I'm trying to make a very simple parser with parser combinators (to parse something similar to BNF). I've checked several blog posts that explain the matter (the ones top-ranked at Google (for me)) and I think I understand it but the tests say otherwise.
I've checked the questions in StackOverflow and while some could maybe be applied and useful whenever I try to apply them something else breaks, so best way to to is going through an specific example:
This is my main:
def main(args: Array[String]) {
val parser: BaseParser = new BaseParser
val eol = sys.props("line.separator")
val test = s"a = b ${eol} a = c ${eol}"
System.out.println(test)
parser.parse(test)
}
This is the parser:
import com.github.trylks.tests.parser.ParserClasses._
import scala.util.parsing.combinator.syntactical._
import scala.util.parsing.combinator.ImplicitConversions
import scala.util.parsing.combinator.PackratParsers
class BaseParser extends StandardTokenParsers with ImplicitConversions with PackratParsers {
val eol = sys.props("line.separator")
lexical.delimiters += ("=", "|", "*", "[", "]", "(", ")", ";", eol)
def rules = rep1sep(rule, eol) ^^ { Rules(_) }
def rule = id ~ "=" ~ repsep(expression, "|") ^^ flatten3 { (e1: ID, _: Any, e3: List[Expression]) => Rule(e1, e3) }
def expression: Parser[Expression] = (element | parenthesized | optional) ^^ { x => x } // and sequence and repetition, but that's another problem...
def parenthesized: Parser[Expression] = "(" ~> expression <~ ")" ^^ { x => x }
def optional: Parser[Expression] = "[" ~> expression <~ "]" ^^ { Optional(_) }
def element: Parser[Element] = (id | constant) ^^ { x => x }
def constant: Parser[Constant] = stringLit ^^ { Constant(_) }
def id: Parser[ID] = ident ^^ { ID(_) }
def parse(text: String): Option[Rules] = {
val s = rules(new lexical.Scanner(text))
s match {
case Success(res, next) => {
println("Success!\n" + res.toString)
Some(res)
}
case Error(msg, next) => {
println("error: " + msg)
None
}
case Failure(msg, next) => {
println("failure: " + msg)
None
}
}
}
}
These are the classes that you are missing from the previous part of the code:
object ParserClasses {
abstract class Element extends Expression
case class ID(value: String) extends Element {
override def toString(): String = value
}
case class Constant(value: String) extends Element {
override def toString(): String = value
}
abstract class Expression
case class Optional(value: Expression) extends Expression {
override def toString() = s"[$value]"
}
case class Rule(head: ID, body: List[Expression]) {
override def toString() = s"$head = ${body.mkString(" | ")}"
}
case class Rules(rules: List[Rule]) {
override def toString() = rules.mkString("\n")
}
}
The problem is: as the code is now, it doesn't work, it parses only one rule (not both). If I replace eol with ";" (in the main and the parser) then it works (at least for this test).

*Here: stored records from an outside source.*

(* Let $\mathscr{M}$ be a von Neumann algebra. A unitary $U \in \mathscr{M}$ can be written as the product of two symmetries in $\mathscr{M}$ if and only if there is a unitary $W \in \mathscr{M}$ such that $U^* = W^*UW$, i.e. $U$ and $U^*$ are unitarily equivalent in $\mathscr{M}$.
   Context: A symmetry is a self-adjoint unitary. *)

theory Defs
  imports "HOL-Analysis.Analysis"
begin

class complex_vector = real_vector +
  fixes scaleC :: "complex \<Rightarrow> 'a \<Rightarrow> 'a" (infixr \<open>*\<^sub>C\<close> 75)
  assumes scaleC_add_right: "a *\<^sub>C (x + y) = a *\<^sub>C x + a *\<^sub>C y"
    and scaleC_add_left: "(a + b) *\<^sub>C x = a *\<^sub>C x + b *\<^sub>C x"
    and scaleC_scaleC: "a *\<^sub>C (b *\<^sub>C x) = (a * b) *\<^sub>C x"
    and scaleC_one: "1 *\<^sub>C x = x"
    and scaleR_scaleC: "scaleR r x = (complex_of_real r) *\<^sub>C x"

class complex_inner = complex_vector + real_normed_vector +
  fixes cinner :: "'a \<Rightarrow> 'a \<Rightarrow> complex"
  assumes cinner_commute: "cinner x y = cnj (cinner y x)"
    and cinner_add_left: "cinner (x + y) z = cinner x z + cinner y z"
    and cinner_scaleC_left: "cinner (a *\<^sub>C x) y = cnj a * cinner x y"
    and cinner_nonneg: "0 \<le> Re (cinner x x)"
    and cinner_eq_zero_iff: "cinner x x = 0 \<longleftrightarrow> x = 0"
    and norm_eq_sqrt_cinner: "norm x = sqrt (Re (cinner x x))"

class chilbert_space = complex_inner + complete_space

definition bounded_clinear :: "('a::chilbert_space \<Rightarrow> 'a) \<Rightarrow> bool" where
  "bounded_clinear T \<longleftrightarrow> bounded_linear T \<and> (\<forall>c x. T (c *\<^sub>C x) = c *\<^sub>C T x)"

text \<open>The Hilbert-space adjoint of a bounded operator (unique by non-degeneracy of the
  inner product; exists by the Riesz representation theorem).\<close>
definition adj :: "('a::chilbert_space \<Rightarrow> 'a) \<Rightarrow> ('a \<Rightarrow> 'a)" where
  "adj T = (SOME S. bounded_clinear S \<and> (\<forall>x y. cinner (T x) y = cinner x (S y)))"

definition unitary :: "('a::chilbert_space \<Rightarrow> 'a) \<Rightarrow> bool" where
  "unitary U \<longleftrightarrow> bounded_clinear U \<and> adj U \<circ> U = id \<and> U \<circ> adj U = id"

definition symmetry :: "('a::chilbert_space \<Rightarrow> 'a) \<Rightarrow> bool" where
  "symmetry S \<longleftrightarrow> unitary S \<and> adj S = S"

definition commutant :: "('a::chilbert_space \<Rightarrow> 'a) set \<Rightarrow> ('a \<Rightarrow> 'a) set" where
  "commutant A = {T. bounded_clinear T \<and> (\<forall>X\<in>A. T \<circ> X = X \<circ> T)}"

text \<open>A von Neumann algebra on the Hilbert space: a self-adjoint set of bounded operators
  equal to its double commutant (equivalently, by von Neumann's double commutant theorem,
  a weak-operator closed unital *-subalgebra of B(H)).\<close>
definition von_neumann_algebra :: "('a::chilbert_space \<Rightarrow> 'a) set \<Rightarrow> bool" where
  "von_neumann_algebra M \<longleftrightarrow>
     (\<forall>T\<in>M. bounded_clinear T \<and> adj T \<in> M) \<and> commutant (commutant M) = M"

end

theory Submission
  imports Defs
begin

text \<open>If \<open>U = S\<^sub>1 S\<^sub>2\<close> with symmetries \<open>S\<^sub>i\<close>, then \<open>S\<^sub>1 U S\<^sub>1 = S\<^sub>2 S\<^sub>1 = U\<^sup>*\<close>.
  Conversely, let \<open>W\<^sup>* U W = U\<^sup>*\<close>. Then \<open>W\<close> and \<open>W\<^sup>*\<close> both intertwine \<open>U\<close> with \<open>U\<^sup>*\<close>
  (\<open>X U = U\<^sup>* X\<close>), and hence so does the selfadjoint \<open>B = W + W\<^sup>*\<close>. The sign \<open>S\<close> of \<open>B\<close>, built from a
  square root of \<open>B\<^sup>2\<close> given by the binomial series of \<open>sqrt (1 - t)\<close>, is a symmetry on the
  orthogonal complement of \<open>ker B\<close> that still intertwines \<open>U\<close> with \<open>U\<^sup>*\<close>. On \<open>ker B\<close> we have
  \<open>W\<^sup>* = - W\<close>, so \<open>\<i> W\<close> is a symmetry there. Thus \<open>Z = S + \<i> W P\<close>, with \<open>P\<close> the projection onto
  \<open>ker B\<close>, is a symmetry with \<open>Z U = U\<^sup>* Z\<close>; then \<open>Z U\<close> is a symmetry as well and \<open>U = Z (Z U)\<close>.
  All operators involved commute with the commutant of \<open>M\<close>, so they lie in \<open>M\<close>.\<close>

subclass (in chilbert_space) banach ..

section \<open>Complex inner product spaces\<close>

lemma cinner_add_right: "cinner x (y + z) = cinner x y + cinner x z"
  by (metis cinner_add_left cinner_commute complex_cnj_add)

lemma cinner_scaleC_right: "cinner x (a *\<^sub>C y) = a * cinner x y"
  by (metis cinner_commute cinner_scaleC_left complex_cnj_cnj complex_cnj_mult)

lemma cinner_zero_left [simp]: "cinner 0 y = 0"
  using cinner_add_left[of 0 0 y] by simp

lemma cinner_zero_right [simp]: "cinner y 0 = 0"
  using cinner_add_right[of y 0 0] by simp
lemma Phi_cp_mul:
  assumes x: "x \<in> cp_carrier Z2 (Bq m r)" and y: "y \<in> cp_carrier Z2 (Bq m r)"
  shows "Phi m r (cp_mul Z2 (*) I (psi1 m r) (alpha1 m r) x y) = mmul I (Phi m r x) (Phi m r y)"
proof -
  have l: "x 1 \<in> lin I" "x (-1) \<in> lin I" "y 1 \<in> lin I" "y (-1) \<in> lin I"
    using x y by (auto simp: cp_carrier_Z2 Bq_iff)
  have phi_phi: "mmul I \<phi> (mmul I \<phi> Z) = msc (sig r) Z" if "Z \<in> lin I" for Z
    using that finite_tidx by (simp add: mmul_assoc_I[symmetric] phiT_square mmul_msc_left)
  have "cp_mul Z2 (*) I (psi1 m r) (alpha1 m r) x y 1
      = mmul I (mmul I (x 1) (y 1)) (mid I)
        + mmul I (mmul I (x (-1)) (omega m r (y (-1)))) (msc (sig r) (mid I))"
    "cp_mul Z2 (*) I (psi1 m r) (alpha1 m r) x y (-1)
      = mmul I (mmul I (x 1) (y (-1))) (mid I) + mmul I (mmul I (x (-1)) (omega m r (y 1))) (mid I)"
    by (simp_all add: cp_mul_def Z2_def psi1_def alpha1_def)
  then show ?thesis
    unfolding Phi_def omega_def
    using l phiT_lin finite_tidx sig_square
    by (simp add: mmul_linear_simps mmul_assoc_I phi_phi add_ac phiT_square)
qed

end

lemma Phi_add: "Phi m r (x + y) = Phi m r x + Phi m r y"
  by (simp add: Phi_def mmul_add_left add_ac)

lemma Phi_msc: "Phi m r (\<lambda>s. msc c (x s)) = msc c (Phi m r x)"
  by (simp add: Phi_def mmul_msc_left msc_add)

lemma Phi_unit: "Phi m r (\<lambda>s. if s = 1 then mid (tidx m r) else 0) = mid (tidx m r)"
  by (simp add: Phi_def)

theorem theorem5p6:
  fixes m r :: nat
  assumes "2 \<le> r" and "0 < m"
  shows "bij_betw (Phi m r) (cp_carrier Z2 (Bq m r)) (Dq m r)
    \<and> (\<forall>x\<in>cp_carrier Z2 (Bq m r). \<forall>y\<in>cp_carrier Z2 (Bq m r).
          Phi m r (cp_mul Z2 (*) (tidx m r) (psi1 m r) (alpha1 m r) x y)
            = mmul (tidx m r) (Phi m r x) (Phi m r y))
    \<and> (\<forall>x\<in>cp_carrier Z2 (Bq m r). \<forall>y\<in>cp_carrier Z2 (Bq m r).
          Phi m r (x + y) = Phi m r x + Phi m r y)
    \<and> (\<forall>c. \<forall>x\<in>cp_carrier Z2 (Bq m r).
          Phi m r (\<lambda>s. msc c (x s)) = msc c (Phi m r x))
    \<and> Phi m r (\<lambda>s. if s = 1 then mid (tidx m r) else 0) = mid (tidx m r)
    \<and> vector_space.dim (msc :: K \<Rightarrow> nat list lmap \<Rightarrow> nat list lmap) (Dq m r)
        = 2 * vector_space.dim (msc :: K \<Rightarrow> nat list lmap \<Rightarrow> nat list lmap) (Bq m r)"
proof -
  interpret q_tensor m r
    using assms(1) by unfold_locales
  have "bij_betw (Phi m r) (cp_carrier Z2 (Bq m r)) (Dq m r)"
    using inj_on_Phi Phi_image by (rule bij_betw_imageI)
  then show ?thesis
    using Phi_cp_mul Phi_add Phi_msc Phi_unit dim_Dq by blast
qed

end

Most people seem to prefer regex parsers, every blog explaining parser combinators doesn't get into details about the traits that could be extended or not, so I have no idea about those differences or why there are several (I say this because it may be important to understand why the code doesn't work). The problem is: If I try to use regex parsers then I get errors for all the strings that I have specified in the parsers "=", "*", etc.